Also Herr Meier wurde meines Erachtens 1989/90 Manager das BvB. Ab diesem Zeitpunkt wurden mit hohem Risiko und ausserhalb dessen was ich der BvB eigentlich hätte leisten können Spieler verpflichtet, dies führte dann nach dem Börsengang zum Zusammenbruch - der Größenwahn -wie du es nennst war aber schon vorher da. Sehr gut erinnere ich mich an die Verpflichtung eines gewissen Heiko Herrlich(1995).
Meine Borussia hebt sich gerade im finanziellen Gebaren beachtlich von Vereinen wie früher Dortmund oder heute Schalke und Köln ab - so bleibt für mich ein Beigeschmack.
Wenn ich durch diesen Kommentar irgendjemandem den Titel madig gemacht haben sollte, dann tut es mir leid, informieren muss ich mich aber nun wirklich nicht besser, ich würde selbiges über alle Titel von Real Madrid oder dem CF Barcelona sagen, in dieser Hinsicht ist z.B. der FC Bayern ein absolutes Vorbild.
Man sieht immer wieder an Usern wie Jameiker, dass sie nicht viel "BVB-Wissen" besitzen, sonst könnten sie nicht derartige unsachlichen Behauptungen aufstellen (wie er es hier macht).
HagenBorusse liegt völlig richtig. Der Börsengang und die Neuausrichtung zu Beginn des neuen Jahrtausend bilden die Zäsur.
RÜCKBLICK:
Am 29. Juni 1986 wurde Gerd Niebaum Präsident des BVB, und zwar als der Verein wirtschaftlich vor dem Konkurs und sportlich kurz vor dem Abstieg aus der Bundesliga stand.

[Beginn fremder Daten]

(* Let $V, W$ be real Banach spaces and let $T$ be a bijective bounded linear operator on $V$ with $T^k = I$ for some integer $k \ge 1$. Let $f: [0,\infty) \times V \to V$ satisfy, for some $\Delta t > 0$, $$f(t, Tu) = T f(t + \Delta t, u) \quad \text{for all } u \in V,\ t \ge 0.$$ Suppose there is $\Theta \in GL(V,W)$ and $\lambda < 0$ with $M^\Theta(f_t) \le \lambda$ for all $t \ge 0$. Then for every solution $u$ of $\dot u = f(t,u)$ there is a $k\Delta t$-periodic function $p: [0,\infty) \to V$ with $\|u(t) - p(t)\| \to 0$ as $t \to \infty$; namely $p(t) = \lim_{n \to \infty} u(t + nk\Delta t)$, and this limit exists for every $t \ge 0$.
   Context: For a real Banach space $X$, the right semi-inner product is $(a,b)_+ := \|a\| \lim_{h \to 0^+} \frac{\|a + hb\| - \|a\|}{h}$. For $\Theta \in GL(V,W)$ (a bijective bounded linear operator) and $g: V \to V$, $M^\Theta(g) := \sup_{u \ne v \in V} \frac{(\Theta(u-v), \Theta(g(u) - g(v)))_+}{\|\Theta(u-v)\|_W^2}$. We write $f_t = f(t,\cdot)$. Solutions are continuously differentiable curves $[0,\infty) \to V$ satisfying the equation for all $t \ge 0$. *)

theory Defs
  imports "HOL-Analysis.Analysis"
begin

definition semi_inner_plus :: "'a::real_normed_vector \<Rightarrow> 'a \<Rightarrow> real" where
  "semi_inner_plus a b = norm a * Lim (at_right 0) (\<lambda>h::real. (norm (a + h *\<^sub>R b) - norm a) / h)"

text \<open>Logarithmic Lipschitz constant M^Theta(g), as an extended real supremum
  (so that an unbounded set of quotients gives +infinity).\<close>
definition M_Theta :: "('v::real_normed_vector \<Rightarrow> 'w::real_normed_vector) \<Rightarrow> ('v \<Rightarrow> 'v) \<Rightarrow> ereal" where
  "M_Theta \<Theta> g = (SUP (u, v) \<in> {(u, v). u \<noteq> v}.
      ereal (semi_inner_plus (\<Theta> (u - v)) (\<Theta> (g u - g v)) / (norm (\<Theta> (u - v)))\<^sup>2))"

end

theory Submission
  imports Defs
begin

Erster Höhepunkt der Niebaum-Ära war der DFB-Pokalsieg 1989. Manager Meier holte 1991 den völlig unbekannten Ottmar Hitzfeld als Trainer zu den Schwarz-Gelben. Der wurde bekanntlich zum Glücksfall für den BVB (UND später für den FC Bayern!).
Mit Ottmar Hitzfeld begann eine sechsjährige Erfolgsstory. Gleich im ersten Jahr fehlten nur vier Minuten zum Gewinn der deutschen Meisterschaft. Unter Präsident Gerd Niebaum hatte Borussia Dortmund eine enorme wirtschaftliche Kraft entwickelt. Werder Bremens Manager Willi Lemke meinte 1993 in einer Einstufung der Bundesligisten: „Klare Nummer 1 von Finanzkraft und wirtschaftlicher Potenz her ist Borussia Dortmund“ (siehe Schulze-Marmeling, Der Ruhm, der Traum und das Geld", Göttingen, Verlag Die Werkstatt, 1994).
Das Erreichen des UEFA-Pokal-Finales 1993 gegen Juventus Turin spülte 25 Millionen Mark in die ohnehin schon prall gefüllten BVB-Kassen.
Dr. Gerd Niebaum äußerte sich erst kürzlich zum Erfolg in den 90-ziger Jahren wie folgt:
Niebaum: „Einer der Schlüssel (für den Erfolg) war, endlich Kontinuität auf der Trainerposition zu bekommen. Früher war die Verweildauer eines Dortmund-Trainers kaum länger als eine Saison. Ottmar Hitzfeld war sechs Jahre tätig. Die gesamte Erfolgsgeschichte ist zudem in Etappen zu sehen. Als wir 1989 den Pokal gewonnen haben, waren noch nicht die ganz großen Summen im Spiel. Wir haben zwar den 19-jährigen Andreas Möller für zwei Millionen Mark geholt, das war damals eine ordentliche Stange Geld. Die Rückholaktion der "Italiener" wie Karl-Heinz Riedle, Matthias Sammer, Stefan Reuter oder Jürgen Kohler gelang dank des spektakulären UEFA-Cup-Jahres 1993, wo wir leidenschaftlich bis ins Pokalendspiel gegen Juventus Turin stürmten. Da haben wir den gesamten Fernsehtopf leer gemacht und dieses Geld in sportliche Substanz reinvestiert. Dadurch wurde der Grundstein für die folgenden zwei Meisterschaften und den Gewinn der Champions League gelegt.“
Jeder vernünftige Mensch erkennt HIER Ursache und Wirkung!!!!!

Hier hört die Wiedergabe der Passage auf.